Poster for Lee Scriven’s new musical

Remember too how Bowie had single-mindedly survived nine failed bands during ten years of struggle before Ziggy soared into orbit, and even that took three years to achieve following his first chart hit Space Oddity.

The instant chemistry between Bowie as performer and Freddie as his stylist amounted to what DB called telepathy: “because whatever I think of in my mind, he produces for real”. Freddie had all the flamboyance of a six-foot-tall out gay man in 1970, the first year of gay liberation in the UK. During their intimate four-year partnership, Freddie’s highly sexualised and bravura costumes were like no others in pop.
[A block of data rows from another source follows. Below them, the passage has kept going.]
(* Let $R$ be an associative ring with identity and $a,b,c,d\in R$ such that both $a^{\|(b,c)}$ and $d^{\|(b,c)}$ exist. Then the following are equivalent: (i) $ad$ has a $(b,c)$-inverse and $(ad)^{\|(b,c)}=d^{\|(b,c)}a^{\|(b,c)}$; (ii) $d^{\|(b,c)}=d^{\|(b,c)}add^{\|(b,c)}a^{\|(b,c)}=d^{\|(b,c)}a^{\|(b,c)}add^{\|(b,c)}$; (iii) $a^{\|(b,c)}=a^{\|(b,c)}add^{\|(b,c)}a^{\|(b,c)}=d^{\|(b,c)}a^{\|(b,c)}ada^{\|(b,c)}$.
   Context: For $a,b,c\in R$, $a$ is $(b,c)$-invertible if there exists $y\in R$ with $y\in (bRy)\cap(yRc)$, $yab=b$ and $cay=c$; such $y$ is unique and denoted $a^{\|(b,c)}$. *)

theory Defs
  imports Main
begin

definition is_bc_inverse :: "'a::ring_1 \<Rightarrow> 'a \<Rightarrow> 'a \<Rightarrow> 'a \<Rightarrow> bool" where
  "is_bc_inverse a b c y \<longleftrightarrow>
     (\<exists>r. y = b * r * y) \<and> (\<exists>s. y = y * s * c) \<and> y * a * b = b \<and> c * a * y = c"

definition bc_invertible :: "'a::ring_1 \<Rightarrow> 'a \<Rightarrow> 'a \<Rightarrow> bool" where
  "bc_invertible a b c \<longleftrightarrow> (\<exists>y. is_bc_inverse a b c y)"

definition bc_inv :: "'a::ring_1 \<Rightarrow> 'a \<Rightarrow> 'a \<Rightarrow> 'a" where
  "bc_inv a b c = (THE y. is_bc_inverse a b c y)"

end

theory Submission
  imports Defs
begin

text \<open>
  With \<open>x\<close> the \<open>(b,c)\<close>-inverse of \<open>a\<close> and \<open>y\<close> that of \<open>d\<close>, the product \<open>z = y x\<close> lies in
  \<open>bR \<inter> Rc\<close>, and such a \<open>z\<close> is the \<open>(b,c)\<close>-inverse of \<open>ad\<close> as soon as \<open>z (ad) b = b\<close> and
  \<open>c (ad) z = c\<close>. For every \<open>(b,c)\<close>-inverse \<open>w\<close> of any element, these two equations are
  equivalent to \<open>w = w (ad) z = z (ad) w\<close>; taking \<open>w = y\<close> gives (ii) and \<open>w = x\<close> gives (iii).
\<close>

lemma is_bc_inverse_unique:
  fixes a b c :: "'a::ring_1"
  assumes "is_bc_inverse a b c y" and "is_bc_inverse a b c y'"
  shows "y = y'"
proof -
  obtain r where r: "y = b * r * y" using assms(1) unfolding is_bc_inverse_def by blast
  obtain s where s: "y' = y' * s * c" using assms(2) unfolding is_bc_inverse_def by blast
  have y'ab: "y' * a * b = b" and cay: "c * a * y = c"
    using assms unfolding is_bc_inverse_def by auto
  have "y = y' * a * b * r * y" using r y'ab by (simp add: mult.assoc)
  also have "\<dots> = y' * a * y" using r by (simp add: mult.assoc)
  also have "\<dots> = y' * s * c * a * y" using s by simp
  also have "\<dots> = y' * s * (c * a * y)" by (simp add: mult.assoc)
  also have "\<dots> = y'" using cay s by simp
  finally show ?thesis .
qed

lemma is_bc_inverse_bc_inv:
  assumes "bc_invertible a b c"
  shows "is_bc_inverse a b c (bc_inv a b c)"
  using assms is_bc_inverse_unique unfolding bc_invertible_def bc_inv_def by (metis theI)

lemma bc_inv_eq_iff:
  "bc_invertible a b c \<and> bc_inv a b c = z \<longleftrightarrow> is_bc_inverse a b c z"
  using is_bc_inverse_bc_inv is_bc_inverse_unique unfolding bc_invertible_def by blast

lemma is_bc_inverse_iff_equations:
  fixes e b c z :: "'a::ring_1"
  assumes u: "z = b * u" and v: "z = v * c"
  shows "is_bc_inverse e b c z \<longleftrightarrow> z * e * b = b \<and> c * e * z = c"
proof
  assume eqs: "z * e * b = b \<and> c * e * z = c"
  have "z * e * z = z * e * b * u" using u by (simp add: mult.assoc)
  also have "\<dots> = z" using eqs u by simp
  finally have zez: "z * e * z = z" .
  have "z = b * (u * e) * z" using zez u by (simp add: mult.assoc)
  moreover have "z = z * (e * v) * c" using zez v by (simp add: mult.assoc)
  ultimately show "is_bc_inverse e b c z"
    using eqs unfolding is_bc_inverse_def by blast
qed (simp add: is_bc_inverse_def)

lemma bc_equations_iff_absorbs:
  fixes d e b c w z :: "'a::ring_1"
  assumes "is_bc_inverse d b c w"
  shows "z * e * b = b \<and> c * e * z = c \<longleftrightarrow> w = w * e * z \<and> w = z * e * w"
proof -
  obtain r where r: "w = b * r * w" using assms unfolding is_bc_inverse_def by blast
  obtain s where s: "w = w * s * c" using assms unfolding is_bc_inverse_def by blast
  have wdb: "w * d * b = b" and cdw: "c * d * w = c"
    using assms unfolding is_bc_inverse_def by auto
  show ?thesis
  proof
    assume eqs: "z * e * b = b \<and> c * e * z = c"
    have "w * e * z = w * s * (c * e * z)" using s by (metis mult.assoc)
    also have "\<dots> = w" using eqs s by simp
    finally have "w = w * e * z" ..
    moreover have "z * e * w = z * e * b * r * w" using r by (metis mult.assoc)
    then have "z * e * w = w" using eqs r by simp
    ultimately show "w = w * e * z \<and> w = z * e * w" by simp
  next
    assume absorbs: "w = w * e * z \<and> w = z * e * w"
    have "z * e * b = z * e * w * d * b" using wdb by (simp add: mult.assoc)
    also have "\<dots> = b" using absorbs wdb by simp
    finally have zeb: "z * e * b = b" .
    have "c * e * z = c * d * w * e * z" using cdw by simp
    also have "\<dots> = c * d * (w * e * z)" by (simp add: mult.assoc)
    also have "\<dots> = c" using absorbs cdw by simp
    finally show "z * e * b = b \<and> c * e * z = c" using zeb by simp
  qed
qed

theorem theorem4p4:
  fixes a b c d :: "'r::ring_1"
  assumes "bc_invertible a b c" and "bc_invertible d b c"
  shows "((bc_invertible (a * d) b c \<and> bc_inv (a * d) b c = bc_inv d b c * bc_inv a b c)
          \<longleftrightarrow> (bc_inv d b c = bc_inv d b c * a * d * bc_inv d b c * bc_inv a b c
               \<and> bc_inv d b c * a * d * bc_inv d b c * bc_inv a b c
                 = bc_inv d b c * bc_inv a b c * a * d * bc_inv d b c))
       \<and> ((bc_invertible (a * d) b c \<and> bc_inv (a * d) b c = bc_inv d b c * bc_inv a b c)
          \<longleftrightarrow> (bc_inv a b c = bc_inv a b c * a * d * bc_inv d b c * bc_inv a b c
               \<and> bc_inv a b c * a * d * bc_inv d b c * bc_inv a b c
                 = bc_inv d b c * bc_inv a b c * a * d * bc_inv a b c))"
proof -
  define x where "x = bc_inv a b c"
  define y where "y = bc_inv d b c"
  have x: "is_bc_inverse a b c x" and y: "is_bc_inverse d b c y"
    using assms is_bc_inverse_bc_inv x_def y_def by blast+
  obtain r s where r: "y = b * r * y" and s: "x = x * s * c"
    using x y unfolding is_bc_inverse_def by blast
  have "y * x = b * (r * y * x)"
    by (subst r) (simp add: mult.assoc)
  moreover have "y * x = (y * x * s) * c"
    by (subst s) (simp add: mult.assoc)
  ultimately have equations: "is_bc_inverse (a * d) b c (y * x)
      \<longleftrightarrow> y * x * (a * d) * b = b \<and> c * (a * d) * (y * x) = c"
    by (rule is_bc_inverse_iff_equations)
  have "is_bc_inverse (a * d) b c (y * x) \<longleftrightarrow> y = y * a * d * y * x \<and> y = y * x * a * d * y"
    unfolding equations bc_equations_iff_absorbs [OF y] by (simp add: mult.assoc)
  moreover have "is_bc_inverse (a * d) b c (y * x) \<longleftrightarrow> x = x * a * d * y * x \<and> x = y * x * a * d * x"
    unfolding equations bc_equations_iff_absorbs [OF x] by (simp add: mult.assoc)
  ultimately show ?thesis
    unfolding bc_inv_eq_iff x_def [symmetric] y_def [symmetric] by auto
qed

end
Much of this was the theme of a biographical movie directed by Scriven four years ago, titled Starman: Freddie Burretti – The Man Who Sewed The World, in which interviews with friends and colleagues pieced together the jigsaw that saw Freddie being invited by Angie Bowie to come to live with her and David at Haddon Hall. As Lee said today, despite various re-edits, potential backers “politely passed” on turning his “demo” version documentary into a feature movie and the result is this new stage musical as a community workshop production aimed at raising money for charity. “Not a West End musical, more a West Bletchley one, like another ‘demo’ version,” he said modestly.
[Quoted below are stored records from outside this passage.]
(* Let $T$ be the BFS tree produced by temporal BFS on a temporal graph $G=(V,E)$ from source $s$ with starting time $t_s$, let $v\neq s$ be a vertex reachable from $s$, and let $v_o$ be the occurrence of $v$ in $T$ of smallest level (the first occurrence of $v$). Then the level of $v_o$ equals $dist(s,v)$, the minimum number of hops of a temporal path from $s$ to $v$ starting at or after $t_s$.
   Context: A temporal graph is a pair $G=(V,E)$ where $V$ is a finite set of vertices and $E$ is a finite set of temporal edges, i.e. triples $(u,v,t)$ with $u,v\in V$, $u\neq v$, $t\in\mathbb{R}$ (the time at which the edge is active); distinct elements of $E$ are distinct triples. Fix $t_s\in\mathbb{R}$ and $s\in V$. A temporal path from $x$ to $y$ (starting at or after $t_s$) is a sequence $P=\langle (w_1,w_2,t_1),\dots,(w_k,w_{k+1},t_k)\rangle$ of $k\ge1$ edges of $E$ with $w_1=x$, $w_{k+1}=y$ and $t_s\le t_1\le t_2\le\dots\le t_k$; its number of hops is $k$. A vertex $y$ is reachable from $s$ if such a path from $s$ to $y$ exists. Temporal BFS. Records are tuples $(x,d,\tau,p)$ (vertex $x$, level $d$, time $\tau$, predecessor record $p$ or none); every record ever created is an occurrence (node) of the BFS tree $T$, rooted at the initial record, with a tree edge from the predecessor record to the record; the level and time of an occurrence are the final values of its fields. For each $x\in V$ a current value $\sigma(x)$ is kept, initially $\infty$, and set to $\tau$ whenever a record of $x$ is created or its time is updated to $\tau$. Initially the FIFO queue $Q$ contains only $(s,0,t_s,\text{none})$ and $\sigma(s)=t_s$; no edge is traversed. While $Q\neq\emptyset$: pop the front record $R=(u,d_u,\sigma_u,p_u)$; let $B$ be the set of edges $(u,v,t)\in E$ not yet traversed with $\sigma_u\le t$; for each vertex $v$ such that $B$ contains an edge to $v$ (in any order), let $e=(u,v,t)$ be the edge of $B$ to $v$ with smallest $t$, mark $e$ traversed, and: (i) if $Q$ contains no record of $v$ and $\sigma(v)>t$, create $(v,d_u+1,t,R)$ and append it to $Q$; (ii) if $Q$ contains a record of $v$ with level $d_u+1$ and $\sigma(v)>t$, set that record's time to $t$ and predecessor to $R$; (iii) if $Q$ contains a record of $v$ but none with level $d_u+1$, and $\sigma(v)>t$, create $(v,d_u+1,t,R)$ and append it to $Q$. *)

theory Defs
  imports Main "HOL-Library.Extended_Real"
begin

type_synonym 'v tedge = "'v \<times> 'v \<times> real"

definition esrc :: "'v tedge \<Rightarrow> 'v" where "esrc e = fst e"
definition etgt :: "'v tedge \<Rightarrow> 'v" where "etgt e = fst (snd e)"
definition etime :: "'v tedge \<Rightarrow> real" where "etime e = snd (snd e)"

definition temporal_path :: "'v tedge set \<Rightarrow> real \<Rightarrow> 'v \<Rightarrow> 'v \<Rightarrow> 'v tedge list \<Rightarrow> bool" where
  "temporal_path E ts x y P \<longleftrightarrow>
     P \<noteq> [] \<and> set P \<subseteq> E \<and> esrc (hd P) = x \<and> etgt (last P) = y \<and> ts \<le> etime (hd P) \<and>
     (\<forall>i. Suc i < length P \<longrightarrow> etgt (P ! i) = esrc (P ! Suc i) \<and> etime (P ! i) \<le> etime (P ! Suc i))"

definition t_reachable :: "'v tedge set \<Rightarrow> real \<Rightarrow> 'v \<Rightarrow> 'v \<Rightarrow> bool" where
  "t_reachable E ts x y \<longleftrightarrow> (\<exists>P. temporal_path E ts x y P)"

definition tdist :: "'v tedge set \<Rightarrow> real \<Rightarrow> 'v \<Rightarrow> 'v \<Rightarrow> nat" where
  "tdist E ts x y = (LEAST k. \<exists>P. temporal_path E ts x y P \<and> length P = k)"

text \<open>BFS records (occurrences), identified by their index in the list of all records ever created.\<close>
record 'v bfs_rec =
  rv :: 'v
  rlev :: nat
  rtime :: real
  rpred :: "nat option"

record 'v bfs_state =
  recs :: "'v bfs_rec list"
  que :: "nat list"
  sig :: "'v \<Rightarrow> ereal"
  trav :: "'v tedge set"

definition bfs_init :: "'v \<Rightarrow> real \<Rightarrow> 'v bfs_state" where
  "bfs_init s ts = \<lparr>recs = [\<lparr>rv = s, rlev = 0, rtime = ts, rpred = None\<rparr>], que = [0],
                     sig = (\<lambda>x. \<infinity>)(s := ereal ts), trav = {}\<rparr>"

definition Bset :: "'v tedge set \<Rightarrow> 'v bfs_state \<Rightarrow> nat \<Rightarrow> 'v tedge set" where
  "Bset E S r = {e \<in> E. e \<notin> trav S \<and> esrc e = rv (recs S ! r) \<and> rtime (recs S ! r) \<le> etime e}"

definition targets :: "'v tedge set \<Rightarrow> 'v set" where
  "targets B = etgt ` B"

definition mintime :: "'v tedge set \<Rightarrow> 'v \<Rightarrow> real" where
  "mintime B v = Min (etime ` {e \<in> B. etgt e = v})"

definition process :: "'v tedge set \<Rightarrow> nat \<Rightarrow> 'v \<Rightarrow> 'v bfs_state \<Rightarrow> 'v bfs_state" where
  "process B r v S =
    (let R = recs S ! r; t = mintime B v; d = Suc (rlev R);
         S1 = S\<lparr>trav := insert (rv R, v, t) (trav S)\<rparr>;
         inQ = {i \<in> set (que S). rv (recs S ! i) = v};
         inQd = {i \<in> inQ. rlev (recs S ! i) = d};
         create = S1\<lparr>recs := recs S @ [\<lparr>rv = v, rlev = d, rtime = t, rpred = Some r\<rparr>],
                     que := que S @ [length (recs S)], sig := (sig S)(v := ereal t)\<rparr>;
         update = S1\<lparr>recs := map (\<lambda>i. if i \<in> inQd then (recs S ! i)\<lparr>rtime := t, rpred := Some r\<rparr>
                                      else recs S ! i) [0..<length (recs S)],
                     sig := (sig S)(v := ereal t)\<rparr>
     in if \<not> (sig S v > ereal t) then S1
        else if inQ = {} then create
        else if inQd \<noteq> {} then update
        else create)"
Freddie Burretti, costume, designer, modelling, David Bowie,

1972: Freddie Burretti’s card advertising his talents as a model

Lee has written a script that pays homage to Freddie, captures his teenage growing pains as a homosexual and his escape to London, where he meets the one-hit pop singer. Lee found himself reluctant to put words into the mouth of the future international icon he respectfully calls “Mr Bowie” so instead renamed him Bobby Jones, the only fictitious character in the show. His infatuation is such that he creates a new band in which to showcase Freddie as “the next Mick Jagger”, which proves to be a non-starter. Instead Freddie applies his genius to reinventing Bobby’s own image as a Starman who electrifies the world in 1972 when he reaches Top of the Pops clad in Freddie’s spangly one-piece jumpsuit and confirms his uniqueness as a superstar.
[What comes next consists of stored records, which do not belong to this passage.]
lemma has_real_derivative_left_inverse_mat_sin:
  fixes A B :: "real^'n^'n"
  assumes "B ** A = mat 1"
  shows "((\<lambda>t. (B ** mat_sin A t) $ i $ j) has_real_derivative mat_cos A t $ i $ j) (at t)"
proof -
  have "((\<lambda>t. \<Sum>v\<in>UNIV. B $ i $ v * mat_sin A t $ v $ j) has_real_derivative
      (\<Sum>v\<in>UNIV. B $ i $ v * (A ** mat_cos A t) $ v $ j)) (at t)"
    by (intro DERIV_sum DERIV_cmult has_real_derivative_mat_sin)
  also have "(\<Sum>v\<in>UNIV. B $ i $ v * (A ** mat_cos A t) $ v $ j) = (B ** (A ** mat_cos A t)) $ i $ j"
    by (simp add: matrix_matrix_mult_def)
  also have "\<dots> = mat_cos A t $ i $ j"
    by (simp add: matrix_mul_assoc assms)
  finally show ?thesis
    by (simp add: matrix_matrix_mult_def)
qed

lemma abs_mult_mat_sin_le:
  fixes A B :: "real^'n^'n"
  assumes "transpose A = A"
  shows "\<bar>(B ** mat_sin A t) $ i $ u\<bar> \<le> (\<Sum>v\<in>UNIV. \<bar>B $ i $ v\<bar>)"
proof -
  have "\<bar>(B ** mat_sin A t) $ i $ u\<bar> \<le> (\<Sum>v\<in>UNIV. \<bar>B $ i $ v\<bar> * \<bar>mat_sin A t $ v $ u\<bar>)"
    by (simp add: matrix_matrix_mult_def sum_abs[THEN order_trans] abs_mult)
  also have "\<dots> \<le> (\<Sum>v\<in>UNIV. \<bar>B $ i $ v\<bar>)"
    by (intro sum_mono mult_right_le_one_le abs_mat_sin_le_1[OF assms]) auto
  finally show ?thesis .
qed

lemma sedentary_bipartite_imp_mat_cos_diag_ge:
  fixes A :: "real^'n^'n"
  assumes "graph_bipartite A" and "sedentary A u"
  obtains c where "0 < c" and "\<And>t. 0 < t \<Longrightarrow> c \<le> mat_cos A t $ u $ u"
proof -
  obtain c where "0 < c" and c: "c \<le> (INF t\<in>{0<..}. cmod (transition A t $ u $ u))"
    using assms(2) unfolding sedentary_def by blast
  have abs_ge: "c \<le> \<bar>mat_cos A t $ u $ u\<bar>" if "0 < t" for t
  proof -
    have "(INF t\<in>{0<..}. cmod (transition A t $ u $ u)) \<le> cmod (transition A t $ u $ u)"
      by (rule cINF_lower) (auto intro: bdd_belowI[where m = 0] simp: that)
    then show ?thesis
      using c by (simp add: transition_eq_Complex bipartite_mat_sin_diag[OF assms(1)] complex_norm)
  qed
  have "mat_cos A 0 $ u $ u = 1"
    by (simp add: mat_power_series_at_0 mat_def)
  then have "c \<le> mat_cos A t $ u $ u" if "0 < t" for t
    using continuous_ge_of_abs_ge[OF DERIV_isCont[OF has_real_derivative_mat_cos] _ \<open>0 < c\<close> abs_ge that]
    by simp
  with \<open>0 < c\<close> show thesis
    by (rule that)
qed

lemma mat_cos_diag_not_uniformly_positive:
  fixes A :: "real^'n^'n"
  assumes "transpose A = A" and "invertible A" and "0 < c"
  shows "\<not> (\<forall>t>0. c \<le> mat_cos A t $ u $ u)"
proof
  assume cos_ge: "\<forall>t>0. c \<le> mat_cos A t $ u $ u"
  obtain B where B: "B ** A = mat 1"
    using assms(2) invertible_left_inverse by blast
  define g where "g t = (B ** mat_sin A t) $ u $ u" for t
  define K where "K = (\<Sum>v\<in>UNIV. \<bar>B $ u $ v\<bar>)"
  have dg: "(g has_real_derivative mat_cos A s $ u $ u) (at s)" for s
    unfolding g_def[abs_def] by (rule has_real_derivative_left_inverse_mat_sin[OF B])
  have bounded: "\<bar>g s\<bar> \<le> K" for s
    unfolding g_def K_def by (rule abs_mult_mat_sin_le[OF assms(1)])
  define t where "t = (K - g 0 + 1) / c"
  have "0 < t"
    using bounded[of 0] \<open>0 < c\<close> by (simp add: t_def)
  have "g 0 + c * t \<le> g t"
    using cos_ge by (intro DERIV_ge_imp_linear_growth[OF dg _ \<open>0 < t\<close>]) auto
  moreover have "g 0 + c * t = K + 1"
    using \<open>0 < c\<close> by (simp add: t_def)
  ultimately show False
    using bounded[of t] by linarith
qed

theorem corollary13:
  fixes A :: "real^'n^'n"
  assumes "weighted_simple_graph A"
    and "graph_connected A"
    and "graph_bipartite A"
    and "det A \<noteq> 0"
  shows "\<forall>u. \<not> sedentary A u"
proof (intro allI notI)
  fix u
  assume "sedentary A u"
  then obtain c where "0 < c" and "\<And>t. 0 < t \<Longrightarrow> c \<le> mat_cos A t $ u $ u"
    using sedentary_bipartite_imp_mat_cos_diag_ge[OF assms(3)] by blast
  moreover have "transpose A = A"
    using assms(1) by (simp add: weighted_simple_graph_def transpose_def vec_eq_iff)
  moreover have "invertible A"
    using assms(4) by (simp add: invertible_det_nz)
  ultimately show False
    using mat_cos_diag_not_uniformly_positive by blast
qed

end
Having changed the show’s title to now emphasise its subject as Burretti himself, Lee said of its origins: “I had to get it out of my system and suddenly realised, Hang on, this is a Billy Elliot story of self-discovery. In fact, the narrative is so strong, it’s like Everybody’s Talking About Jamie [currently running in London] but frankly a lot stronger!”

➢ View Burretti’s designs in the image gallery
for the V&A’s exhibition David Bowie Is

The show is directed by musical polymath Caz Tricks, and embraces sounds of the era such as Desmond Dekker and the Trojan label, and of course some surprising Bowie numbers. Lee recruited “a great little band I’ve worked with” as The Spiders from Bletchley, led by the onetime Stray guitarist Del Bromham, plus choreography from Alex Kent, an Edinburgh Festival veteran, and Jack Sullivan, fresh out of uni. Lee added: “The mood is very Buzzcocks, very edgy.”

Hardly off-stage throughout is local lad Paul J Macdonald in his first gig starring as Burretti. He proves to be an ace dancer – as indeed was Freddie himself who caught many an eye in his white Spandex hotpants on London’s first uplit dancefloor at the Sombrero.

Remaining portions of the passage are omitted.